Strawberry IPM Study 2014: Managing insect pests with chemical, botanical, microbial, and other pesticides

Oct 21, 2015

Strawberry is an important commodity in California with a crop value of $2 billion (NASS, 2013).  Lygus bug or western tarnished plant bug (Lygus hesperus), twospotted spider mite (Tetranychus urticae), greenhouse whitefly (Trialeurodes vaporariorum), and western flower thrips (Frankliniella occidentalis) are considered as important arthropod pests of strawberries which can cause significant yield losses.  According to the Pesticide Use Report of California Department of Pesticide Regulation (2014), more than 200,000 lb of chemical insecticide and miticide active ingredients were used in strawberries in 2012. Among the 50,000 lb of biorational active ingredients that were additionally applied, 97% were Bacillus thuringiensis products used against lepidopteran pests.  Apart from the release of various species of predatory mites against twospotted spider mites, pest management in strawberries is mainly dependent on chemical pesticides and IPM is generally limited to the rotation of pesticides in different modes of action groups.

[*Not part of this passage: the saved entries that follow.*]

(* Let $F:\mathbb{R}\to[0,1]$ be an arbitrary distribution function, let $\alpha\in(0,1)$, and put $\xi=F^{\wedge}(\alpha)$ and $\beta=\Delta F(\xi)$. Let $X,V$ be real random variables on a probability space $(\Omega,\mathcal{F},\mathbb{P})$ such that $V\sim U(0,1)$ and $V$ is independent of $X$. Define $F_V(X)(\omega)=F_{V(\omega)}(X(\omega))$ on $\{V\in(0,1]\}$. Then \[\mathbb{P}\big(F_V(X)\le\alpha\big)-\alpha=\mathbb{P}\big(X>\xi\text{ and }F(X)=\alpha\big)+c_\beta\big(\mathbb{P}(X=\xi)-\beta\big)+\big(\mathbb{P}(X\le\xi)-F(\xi)\big),\] where $c_\beta=0$ if $\beta=0$ and $c_\beta=\frac{\alpha-F(\xi)}{\beta}$ if $\beta\neq0$.
   Context: A distribution function is a non-decreasing, right-continuous $F:\mathbb{R}\to[0,1]$ with limits $0$ at $-\infty$ and $1$ at $+\infty$ ($F$ need not be the distribution function of $X$). $F(x-)=\lim_{z\uparrow x}F(z)$, $\Delta F(x)=F(x)-F(x-)$, $F_\lambda(x)=F(x-)+\lambda\Delta F(x)$ for $\lambda\in[0,1]$, and $F^{\wedge}(\alpha)=\inf\{x:F(x)\ge\alpha\}$. The event $\{F_V(X)\le\alpha\}$ is understood as $\{V\in(0,1],\ F_V(X)\le\alpha\}$ (a set of full probability complement is irrelevant since $\mathbb{P}(V\in(0,1])=1$). *)

theory Defs
  imports "HOL-Probability.Probability"
begin

definition is_distfun :: "(real \<Rightarrow> real) \<Rightarrow> bool" where
  "is_distfun F \<longleftrightarrow> mono F \<and> (\<forall>x. 0 \<le> F x \<and> F x \<le> 1) \<and>
     (\<forall>x. continuous (at_right x) F) \<and> (F \<longlongrightarrow> 0) at_bot \<and> (F \<longlongrightarrow> 1) at_top"

definition left_lim :: "(real \<Rightarrow> real) \<Rightarrow> real \<Rightarrow> real" where
  "left_lim F x = Lim (at_left x) F"

definition jump :: "(real \<Rightarrow> real) \<Rightarrow> real \<Rightarrow> real" where
  "jump F x = F x - left_lim F x"

definition Flam :: "(real \<Rightarrow> real) \<Rightarrow> real \<Rightarrow> real \<Rightarrow> real" where
  "Flam F lam x = left_lim F x + lam * jump F x"

definition geninv :: "(real \<Rightarrow> real) \<Rightarrow> real \<Rightarrow> real" where
  "geninv F a = Inf {x. a \<le> F x}"

end

theory Submission
  imports Defs
begin

text \<open>
  Conditionally on \<open>X = x\<close>, the event \<open>F\<^sub>V(X) \<le> \<alpha>\<close> is certain for \<open>x < \<xi>\<close>,
  happens for \<open>x > \<xi>\<close> exactly when \<open>F(x) = \<alpha>\<close> (as then \<open>F(x-) \<ge> \<alpha>\<close>), and at \<open>x = \<xi>\<close>
  it is the event \<open>V \<le> t\<close> with \<open>t = (\<alpha> - F(\<xi>-)) / \<beta>\<close>, of probability \<open>t = 1 + c\<^sub>\<beta>\<close>.
  Independence and uniformity of \<open>V\<close> give
  \<open>P(F\<^sub>V(X) \<le> \<alpha>) = P(X < \<xi>) + P(X > \<xi>, F(X) = \<alpha>) + (1 + c\<^sub>\<beta>) P(X = \<xi>)\<close>,
  and the theorem is a rearrangement using \<open>c\<^sub>\<beta> \<beta> = \<alpha> - F(\<xi>)\<close>.
\<close>

lemma left_lim_mono_eq_Sup:
  fixes F :: "real \<Rightarrow> real"
  assumes "mono F"
  shows "left_lim F x = Sup (F ` {..<x})"
proof -
  have "(F \<longlongrightarrow> Sup (F ` ({..<x} \<inter> UNIV))) (at x within {..<x} \<inter> UNIV)"
    by (rule Lim_left_bound[where K = "F x"]) (auto intro: monoD[OF assms])
  then show ?thesis
    unfolding left_lim_def by (intro tendsto_Lim) (simp_all add: trivial_limit_at_left_real)
qed

lemma
  fixes F :: "real \<Rightarrow> real"
  assumes "mono F"
  shows mono_le_left_lim: "y < x \<Longrightarrow> F y \<le> left_lim F x"
    and mono_left_lim_le: "left_lim F x \<le> F x"
    and mono_left_lim_least: "(\<And>y. y < x \<Longrightarrow> F y \<le> c) \<Longrightarrow> left_lim F x \<le> c"
proof -
  have bdd: "bdd_above (F ` {..<x})"
    by (rule bdd_aboveI[of _ "F x"]) (auto intro: monoD[OF assms])
  show "y < x \<Longrightarrow> F y \<le> left_lim F x"
    unfolding left_lim_mono_eq_Sup[OF assms] by (intro cSup_upper[OF _ bdd]) auto
  show "left_lim F x \<le> F x"
    unfolding left_lim_mono_eq_Sup[OF assms] by (intro cSup_least) (auto intro: monoD[OF assms])
  show "(\<And>y. y < x \<Longrightarrow> F y \<le> c) \<Longrightarrow> left_lim F x \<le> c"
    unfolding left_lim_mono_eq_Sup[OF assms] by (intro cSup_least) auto
qed

lemma mono_jump_nonneg: "mono F \<Longrightarrow> 0 \<le> jump F x"
  using mono_left_lim_le[of F x] by (simp add: jump_def)

lemma
  fixes F :: "real \<Rightarrow> real"
  assumes "is_distfun F" "0 < \<alpha>" "\<alpha> < 1"
  shows distfun_less_geninv: "x < geninv F \<alpha> \<Longrightarrow> F x < \<alpha>"
    and distfun_geninv_ge: "\<alpha> \<le> F (geninv F \<alpha>)"
proof -
  have mono: "mono F" and rc: "\<And>x. (F \<longlongrightarrow> F x) (at_right x)"
    and top: "(F \<longlongrightarrow> 1) at_top" and bot: "(F \<longlongrightarrow> 0) at_bot"
    using assms(1) unfolding is_distfun_def by (auto simp: continuous_within)
  define S where "S = {x. \<alpha> \<le> F x}"
  have xi: "geninv F \<alpha> = Inf S"
    unfolding geninv_def S_def ..
  obtain t where "\<alpha> < F t"
    using order_tendstoD(1)[OF top assms(3)] by (auto simp: eventually_at_top_linorder)
  then have ne: "S \<noteq> {}"
    unfolding S_def by (auto intro!: exI[of _ t])
  obtain b where b: "\<And>x. x \<le> b \<Longrightarrow> F x < \<alpha>"
    using order_tendstoD(2)[OF bot assms(2)] by (auto simp: eventually_at_bot_linorder)
  have bdd: "bdd_below S"
    unfolding S_def by (rule bdd_belowI[of _ b]) (use b in \<open>force simp: not_less[symmetric]\<close>)
  show "x < geninv F \<alpha> \<Longrightarrow> F x < \<alpha>"
    using cInf_lower[OF _ bdd, of x] by (force simp: xi S_def)
  have "eventually (\<lambda>z. \<alpha> \<le> F z) (at_right (geninv F \<alpha>))"
  proof -
    have "eventually (\<lambda>z. geninv F \<alpha> < z) (at_right (geninv F \<alpha>))"
      by (rule eventually_at_right_less)
    then show ?thesis
    proof eventually_elim
      case (elim z)
      then obtain s where "s \<in> S" "s < z"
        using cInf_less_iff[OF ne bdd] xi by auto
      then show ?case
        unfolding S_def using monoD[OF mono, of s z] by auto
    qed
  qed
  then show "\<alpha> \<le> F (geninv F \<alpha>)"
    by (rule tendsto_lowerbound[OF rc]) (simp add: trivial_limit_at_right_real)
qed

lemma distfun_left_lim_geninv_le:
  assumes "is_distfun F" "0 < \<alpha>" "\<alpha> < 1"
  shows "left_lim F (geninv F \<alpha>) \<le> \<alpha>"
  using assms(1) distfun_less_geninv[OF assms]
  by (intro mono_left_lim_least) (auto simp: is_distfun_def intro: less_imp_le)

text \<open>The level \<open>t\<close> such that \<open>F\<^sub>v(x) \<le> \<alpha> \<longleftrightarrow> v \<le> t\<close> at an atom \<open>x\<close>; the value \<open>1\<close>
  at continuity points is a convention that makes \<open>jump_fraction_eq\<close> hold everywhere.\<close>
definition jump_fraction :: "(real \<Rightarrow> real) \<Rightarrow> real \<Rightarrow> real \<Rightarrow> real" where
  "jump_fraction F \<alpha> x = (if jump F x = 0 then 1 else (\<alpha> - left_lim F x) / jump F x)"

lemma jump_fraction_eq:
  "jump_fraction F \<alpha> x = 1 + (if jump F x = 0 then 0 else (\<alpha> - F x) / jump F x)"
  by (simp add: jump_fraction_def jump_def field_simps)

lemma distfun_jump_fraction_bounds:
  assumes "is_distfun F" "0 < \<alpha>" "\<alpha> < 1"
  shows "0 \<le> jump_fraction F \<alpha> (geninv F \<alpha>)" and "jump_fraction F \<alpha> (geninv F \<alpha>) \<le> 1"
  using distfun_left_lim_geninv_le[OF assms] distfun_geninv_ge[OF assms]
  by (auto simp: jump_fraction_def jump_def divide_le_eq_1)

lemma distfun_Flam_le_iff:
  fixes F :: "real \<Rightarrow> real"
  assumes "is_distfun F" "0 < \<alpha>" "\<alpha> < 1" "0 < v" "v \<le> 1"
  defines "\<xi> \<equiv> geninv F \<alpha>"
  shows "Flam F v x \<le> \<alpha> \<longleftrightarrow>
           x < \<xi> \<or> (\<xi> < x \<and> F x = \<alpha>) \<or> (x = \<xi> \<and> v \<le> jump_fraction F \<alpha> \<xi>)"
proof -
  have mono: "mono F"
    using assms(1) by (simp add: is_distfun_def)
  note jump_nonneg = mono_jump_nonneg[OF mono]
  consider "x < \<xi>" | "\<xi> < x" | "x = \<xi>" by linarith
  then show ?thesis
  proof cases
    case 1
    have "Flam F v x \<le> left_lim F x + 1 * jump F x"
      unfolding Flam_def using jump_nonneg[of x] assms(5) by (intro add_left_mono mult_right_mono)
    also have "\<dots> = F x"
      by (simp add: jump_def)
    finally show ?thesis
      using distfun_less_geninv[OF assms(1-3) 1[unfolded \<xi>_def]] 1 by simp
  next
    case 2
    have "\<alpha> \<le> left_lim F x"
      using mono_le_left_lim[OF mono 2] distfun_geninv_ge[OF assms(1-3)] by (simp add: \<xi>_def)
    moreover have "0 \<le> v * jump F x" and "v * jump F x = 0 \<longleftrightarrow> jump F x = 0"
      using jump_nonneg[of x] assms(4) by auto
    ultimately have "Flam F v x \<le> \<alpha> \<longleftrightarrow> left_lim F x = \<alpha> \<and> jump F x = 0"
      unfolding Flam_def by linarith
    also have "\<dots> \<longleftrightarrow> F x = \<alpha>"
      using \<open>\<alpha> \<le> left_lim F x\<close> mono_left_lim_le[OF mono, of x] by (auto simp: jump_def)
    finally show ?thesis
      using 2 by simp
  next
    case 3
    have "Flam F v \<xi> \<le> \<alpha> \<longleftrightarrow> v \<le> jump_fraction F \<alpha> \<xi>"
    proof (cases "jump F \<xi> = 0")
      case True
      then show ?thesis
        using distfun_left_lim_geninv_le[OF assms(1-3)] assms(5)
        by (simp add: Flam_def jump_fraction_def \<xi>_def)
    next
      case False
      then have "0 < jump F \<xi>"
        using jump_nonneg[of \<xi>] by simp
      then show ?thesis
        by (auto simp: Flam_def jump_fraction_def pos_le_divide_eq algebra_simps)
    qed
    then show ?thesis
      using 3 by simp
  qed
qed

lemma (in prob_space) prob_indep_uniform_le:
  assumes "indep_var borel X borel V"
    and "distr M lborel V = uniform_measure lborel {0..1}"
    and "A \<in> sets borel" "0 \<le> s" "s \<le> 1"
  shows "\<P>(\<omega> in M. X \<omega> \<in> A \<and> V \<omega> \<in> {0<..s}) = \<P>(\<omega> in M. X \<omega> \<in> A) * s"
proof -
  have V: "V \<in> borel_measurable M"
    using indep_var_rv2[OF assms(1)] by simp
  have "\<P>(\<omega> in M. V \<omega> \<in> {0<..s}) = measure (distr M lborel V) {0<..s}"
    using V by (subst measure_distr) (auto intro!: arg_cong[where f="measure M"])
  also have "\<dots> = measure lborel ({0..1} \<inter> {0<..s}) / measure lborel {0..1::real}"
    unfolding assms(2) by (subst measure_uniform_measure) auto
  also have "{0..1} \<inter> {0<..s} = {0<..s}"
    using assms(5) by auto
  also have "measure lborel {0<..s} / measure lborel {0..1::real} = s"
    using assms(4) by simp
  finally show ?thesis
    using prob_indep_random_variable[OF assms(1,3), of "{0<..s}"] by simp
qed

lemma (in prob_space) prob_Flam_le:
  assumes "is_distfun F" "0 < \<alpha>" "\<alpha> < 1"
    and "indep_var borel X borel V"
    and "distr M lborel V = uniform_measure lborel {0..1}"
  defines "\<xi> \<equiv> geninv F \<alpha>"
  shows "\<P>(\<omega> in M. 0 < V \<omega> \<and> V \<omega> \<le> 1 \<and> Flam F (V \<omega>) (X \<omega>) \<le> \<alpha>)
       = \<P>(\<omega> in M. X \<omega> < \<xi>) + \<P>(\<omega> in M. \<xi> < X \<omega> \<and> F (X \<omega>) = \<alpha>)
         + \<P>(\<omega> in M. X \<omega> = \<xi>) * jump_fraction F \<alpha> \<xi>"
proof -
  define t where "t = jump_fraction F \<alpha> \<xi>"
  have t: "0 \<le> t" "t \<le> 1"
    using distfun_jump_fraction_bounds[OF assms(1-3)] by (simp_all add: t_def \<xi>_def)
  have [measurable]: "X \<in> borel_measurable M" "V \<in> borel_measurable M"
    using indep_var_rv1[OF assms(4)] indep_var_rv2[OF assms(4)] by simp_all
  have [measurable]: "F \<in> borel_measurable borel"
    using assms(1) by (intro borel_measurable_mono) (simp add: is_distfun_def)
  have B: "{x. \<xi> < x \<and> F x = \<alpha>} \<in> sets borel"
    by measurable
  have "{\<omega> \<in> space M. 0 < V \<omega> \<and> V \<omega> \<le> 1 \<and> Flam F (V \<omega>) (X \<omega>) \<le> \<alpha>}
     = {\<omega> \<in> space M. X \<omega> \<in> {..<\<xi>} \<and> V \<omega> \<in> {0<..1}}
       \<union> {\<omega> \<in> space M. X \<omega> \<in> {x. \<xi> < x \<and> F x = \<alpha>} \<and> V \<omega> \<in> {0<..1}}
       \<union> {\<omega> \<in> space M. X \<omega> \<in> {\<xi>} \<and> V \<omega> \<in> {0<..t}}"
    using distfun_Flam_le_iff[OF assms(1-3)] t by (auto simp: t_def \<xi>_def)
  then have "\<P>(\<omega> in M. 0 < V \<omega> \<and> V \<omega> \<le> 1 \<and> Flam F (V \<omega>) (X \<omega>) \<le> \<alpha>)
      = \<P>(\<omega> in M. X \<omega> \<in> {..<\<xi>} \<and> V \<omega> \<in> {0<..1})
        + \<P>(\<omega> in M. X \<omega> \<in> {x. \<xi> < x \<and> F x = \<alpha>} \<and> V \<omega> \<in> {0<..1})
        + \<P>(\<omega> in M. X \<omega> \<in> {\<xi>} \<and> V \<omega> \<in> {0<..t})"
    by (simp only:, (subst finite_measure_Union, (measurable; fail), (measurable; fail), force)+, simp)
  also have "\<dots> = \<P>(\<omega> in M. X \<omega> < \<xi>) + \<P>(\<omega> in M. \<xi> < X \<omega> \<and> F (X \<omega>) = \<alpha>)
        + \<P>(\<omega> in M. X \<omega> = \<xi>) * t"
    using prob_indep_uniform_le[OF assms(4,5), of "{..<\<xi>}" 1]
      prob_indep_uniform_le[OF assms(4,5) B, of 1] prob_indep_uniform_le[OF assms(4,5), of "{\<xi>}" t] t
    by simp
  finally show ?thesis
    unfolding t_def .
qed

theorem mainTheorem7:
  fixes M :: "'a measure" and F :: "real \<Rightarrow> real" and X V :: "'a \<Rightarrow> real" and \<alpha> :: real
  assumes "prob_space M"
    and "is_distfun F"
    and "0 < \<alpha>" and "\<alpha> < 1"
    and "X \<in> borel_measurable M" and "V \<in> borel_measurable M"
    and "distr M lborel V = uniform_measure lborel {0..1}"
    and "prob_space.indep_var M borel X borel V"
  shows "let \<xi> = geninv F \<alpha>; \<beta> = jump F \<xi>;
             c = (if \<beta> = 0 then 0 else (\<alpha> - F \<xi>) / \<beta>) in
         measure M {\<omega> \<in> space M. 0 < V \<omega> \<and> V \<omega> \<le> 1 \<and> Flam F (V \<omega>) (X \<omega>) \<le> \<alpha>} - \<alpha>
         = measure M {\<omega> \<in> space M. X \<omega> > \<xi> \<and> F (X \<omega>) = \<alpha>}
           + c * (measure M {\<omega> \<in> space M. X \<omega> = \<xi>} - \<beta>)
           + (measure M {\<omega> \<in> space M. X \<omega> \<le> \<xi>} - F \<xi>)"
proof -
  interpret prob_space M by fact
  define \<xi> where "\<xi> = geninv F \<alpha>"
  define \<beta> where "\<beta> = jump F \<xi>"
  define c where "c = (if \<beta> = 0 then 0 else (\<alpha> - F \<xi>) / \<beta>)"
  have "\<P>(\<omega> in M. X \<omega> \<le> \<xi>) = \<P>(\<omega> in M. X \<omega> < \<xi>) + \<P>(\<omega> in M. X \<omega> = \<xi>)"
    using assms(5) by (subst finite_measure_Union[symmetric]) (auto intro!: arg_cong[where f=prob])
  moreover have "c * \<beta> = \<alpha> - F \<xi>"
    using distfun_left_lim_geninv_le[OF assms(2-4)] distfun_geninv_ge[OF assms(2-4)]
    by (auto simp: c_def \<beta>_def \<xi>_def jump_def)
  ultimately show ?thesis
    using prob_Flam_le[OF assms(2-4,8,7)] jump_fraction_eq[of F \<alpha> \<xi>]
    unfolding Let_def \<xi>_def[symmetric] \<beta>_def[symmetric] c_def[symmetric]
    by (simp add: algebra_simps)
qed

end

In an effort to develop an effective IPM program with a particular emphasis on lygus bug management, research has been conducted for the past few years in Santa Maria to evaluate the role of various non-chemical alternatives.  Field studies in 2013 showed that botanical and microbial pesticides can be effectively used in combination and rotation with chemical pesticides (Dara, 2014).  Additional studies were conducted in 2014 to evaluate the efficacy of various combinations and rotations of new and existing chemical pesticides along with botanical, earth-based, and microbial pesticides.

Methodology
A large scale field study was conducted during June and July, 2014 in a conventional strawberry field of variety Del Rey at Goodwin Berry Farms, Santa Maria.  Chemical pesticides included those from IRAC mode of action groups 3A (sodium channel modulators) 4A (neonicotinoids), 4C (sulfoximines), 6 (chloride channel activators), 9C (selective homopteran feeding blockers), and 15 (inhibitors of chitin biosynthesis).  Additionally, diatomaceous earth, azadirachtin, and two entomopathogenic fungi, Beauveria bassiana and Metarhizium brunneum (formerly known as M. anisopliae) were also used.  Diatomaceous earth is a powder form of fossilized remains of diatoms and contains silicon dioxide as an active ingredient.  Silicon dioxide interferes with the integrity of the cuticle by absorbing the waxy layer and causes mortality due to desiccation.  Both B. bassiana and M. brunneum are soilborne entomopathogenic fungi which cause infection when a conidiospore comes in contact with an insect or a mite.  Azadirachtin, a secondary metabolite present in neem seed, is a limonoid compound which interferes with the synthesis of various proteins and thus affects molting, mating, sexual communication, and reproductive ability.  It also has insecticidal properties and acts as an antifeedant and repellent.  Using these alternatives can help pest management which is sometimes difficult to achieve with chemical pesticides alone.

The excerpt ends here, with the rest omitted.